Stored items
++++

lemma ecc_le_iff: "ecc X I \<le> e \<longleftrightarrow> (\<forall>J\<in>AX X. gdist X I J \<le> e)"
  by (simp add: ecc_def SUP_le_iff)

lemma ecc_eq_3:
  assumes X: "tychonoff_space X" and I: "I \<in> AX X" and ns: "\<nexists>x. cozU X I = {x}"
  shows "ecc X I = 3"
proof -
  have cr: "completely_regular_space X"
    using X by (simp add: tychonoff_space_def)
  have "ecc X I \<le> 3"
    using gdist_le_3[OF cr I] by (simp add: ecc_le_iff)
  moreover have "\<not> ecc X I \<le> 2"
    using exists_gdist_gt_2[OF cr tychonoff_imp_Hausdorff_space[OF X] I ns] by (simp add: ecc_le_iff)
  ultimately show ?thesis
    by (cases "ecc X I") (auto simp: numeral_eq_enat)
qed

lemma ecc_eq_2:
  assumes X: "tychonoff_space X" and I: "I \<in> AX X" and x: "cozU X I = {x}"
    and big: "infinite (topspace X) \<or> 2 < card (topspace X)"
  shows "ecc X I = 2"
proof -
  have cr: "completely_regular_space X"
    using X by (simp add: tychonoff_space_def)
  have "x \<in> topspace X"
    using x cozU_subset_topspace[of X I] by blast
  have "topspace X \<noteq> {x}"
    using big by auto
  then obtain y where y: "y \<in> topspace X" "x \<noteq> y"
    using \<open>x \<in> topspace X\<close> by blast
  have "\<not> topspace X \<subseteq> {x, y}"
  proof
    assume sub: "topspace X \<subseteq> {x, y}"
    then have "finite (topspace X)" "card (topspace X) \<le> card {x, y}"
      by (simp_all add: finite_subset card_mono)
    with big y(2) show False
      by simp
  qed
  then obtain z where z: "z \<in> topspace X" "z \<noteq> x" "z \<noteq> y"
    by blast
  have "ecc X I \<le> 2"
    using gdist_le_2_if_cozU_singleton[OF I x] by (simp add: ecc_le_iff)
  moreover have "\<not> ecc X I \<le> 1"
    using exists_gdist_gt_1[OF cr tychonoff_imp_Hausdorff_space[OF X] I x y(1) z(1)] y z
    by (simp add: ecc_le_iff)
  ultimately show ?thesis
    by (metis antisym not_le ileI1 one_add_one plus_1_eSuc(1))
qed

lemma ecc_eq_1:
  assumes I: "I \<in> AX X" and x: "cozU X I = {x}"
    and two: "finite (topspace X)" "card (topspace X) = 2"
  shows "ecc X I = 1"
proof -
  have "x \<in> topspace X"
    using x cozU_subset_topspace[of X I] by blast
  obtain u v where "topspace X = {u, v}"
    using two(2) unfolding card_2_iff by blast
  with \<open>x \<in> topspace X\<close> have "topspace X = {x, if x = u then v else u}"
    by auto
  then have "ecc X I \<le> 1"
    using gdist_le_1_if_two_points[OF I x] by (simp add: ecc_le_iff)
  moreover obtain J where "adj X I J"
    using AX_has_neighbour[OF I] .
  then have "J \<in> AX X" "\<not> gdist X I J = 0"
    by (simp_all add: adj_def gdist_eq_0_iff)
  then have "\<not> ecc X I \<le> 0"
    using ecc_le_iff[of X I 0] by auto
  ultimately show ?thesis
    by (metis antisym not_le ileI1 one_eSuc)
qed

lemma infinite_or_card_gt_2_iff:
  assumes "u \<in> S" "v \<in> S" "u \<noteq> v"
  shows "infinite S \<or> card S > 2 \<longleftrightarrow> \<not> (finite S \<and> card S = 2)"
proof -
  have "card {u, v} \<le> card S" if "finite S"
    using assms that by (intro card_mono) auto
  with assms(3) show ?thesis
    by auto
qed

theorem mainTheorem10:
  fixes X :: "'a topology" and I :: "('a \<Rightarrow> real) set"
  assumes "tychonoff_space X"
    and "\<exists>x y. x \<in> topspace X \<and> y \<in> topspace X \<and> x \<noteq> y"
    and "I \<in> AX X"
  shows "(ecc X I = 3 \<longleftrightarrow> \<not> (\<exists>x. cozU X I = {x}))
    \<and> (ecc X I = 2 \<longleftrightarrow> (\<exists>x. cozU X I = {x}) \<and> (infinite (topspace X) \<or> card (topspace X) > 2))
    \<and> (ecc X I = 1 \<longleftrightarrow> (\<exists>x. cozU X I = {x}) \<and> finite (topspace X) \<and> card (topspace X) = 2)"
proof -
  obtain u v where "u \<in> topspace X" "v \<in> topspace X" "u \<noteq> v"
    using assms(2) by blast
  then have card: "infinite (topspace X) \<or> card (topspace X) > 2 \<longleftrightarrow>
      \<not> (finite (topspace X) \<and> card (topspace X) = 2)"
    by (rule infinite_or_card_gt_2_iff)
  have distinct: "(1::enat) \<noteq> 2" "(1::enat) \<noteq> 3" "(2::enat) \<noteq> 3"
    by (simp_all add: numeral_eq_enat enat_1_iff)
  consider "\<nexists>x. cozU X I = {x}"
    | x where "cozU X I = {x}" "finite (topspace X) \<and> card (topspace X) = 2"
    | x where "cozU X I = {x}" "\<not> (finite (topspace X) \<and> card (topspace X) = 2)"
    by blast
  then show ?thesis
  proof cases
    case 1
    then show ?thesis
      using ecc_eq_3[OF assms(1,3)] distinct by auto
  next
    case (2 x)
    then have "ecc X I = 1"
      using ecc_eq_1[OF assms(3)] by blast
    with 2 show ?thesis
      using distinct by auto
  next
    case (3 x)
    then show ?thesis
      using ecc_eq_2[OF assms(1,3) 3(1)] card distinct by auto
  qed
qed

end
text \<open>The ascent conditions force \<open>f\<close> to be increasing on \<open>1..d\<close> with \<open>0 < f 1\<close> and \<open>f d \<le> d\<close>.\<close>

lemma no_descent_eq_id:
  assumes d: "d \<ge> 2" and f: "f \<in> Wgrp d" and asc: "\<And>j. j \<le> d \<Longrightarrow> f (sref_lo j) < f (sref_hi d j)"
  shows "f = id"
proof -
  have eo: "shift_equivariant d f" "odd_fun f" using f by (auto simp: Wgrp_iff)
  have f1: "f 1 > 0"
    using asc[of 0] eo(2) by (simp add: sref_lo_def sref_hi_def odd_fun_def)
  have step: "f (int i) < f (int i + 1)" if "1 \<le> i" "i < d" for i
    using asc[of i] that by (simp add: sref_lo_def sref_hi_def)
  have fd: "f (int d) \<le> int d"
    using asc[of d] d equivariant_odd_mirror[OF eo, of "int d"]
    by (simp add: sref_lo_def sref_hi_def bigD_def algebra_simps)
  have lower: "int i \<le> f (int i)" if "1 \<le> i" "i \<le> d" for i
    using that
  proof (induction i)
    case (Suc i)
    show ?case
    proof (cases "i = 0")
      case False
      then have "int i \<le> f (int i)" "f (int i) < f (int i + 1)"
        using Suc step[of i] by auto
      then show ?thesis by (simp add: add.commute)
    qed (use f1 in simp)
  qed simp
  have upper: "f (int (d - m)) \<le> int (d - m)" if "m < d" for m
    using that
  proof (induction m)
    case (Suc m)
    then have "f (int (d - Suc m)) < f (int (d - Suc m) + 1)" "int (d - Suc m) + 1 = int (d - m)"
      using step[of "d - Suc m"] by auto
    with Suc show ?case by simp
  qed (use fd in simp)
  have "f k = id k" if "1 \<le> k" "k \<le> int d" for k
    using lower[of "nat k"] upper[of "d - nat k"] that by simp
  then show ?thesis
    using equivariant_odd_eqI[OF eo, of id] by (simp add: shift_equivariant_def odd_fun_def)
qed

++++

## WHAT NEEDS TO BE DONE
Filter the data for the string "upper". Copy each matching line.

## REPLY
  have upper: "f (int (d - m)) \<le> int (d - m)" if "m < d" for m
    using lower[of "nat k"] upper[of "d - nat k"] that by simp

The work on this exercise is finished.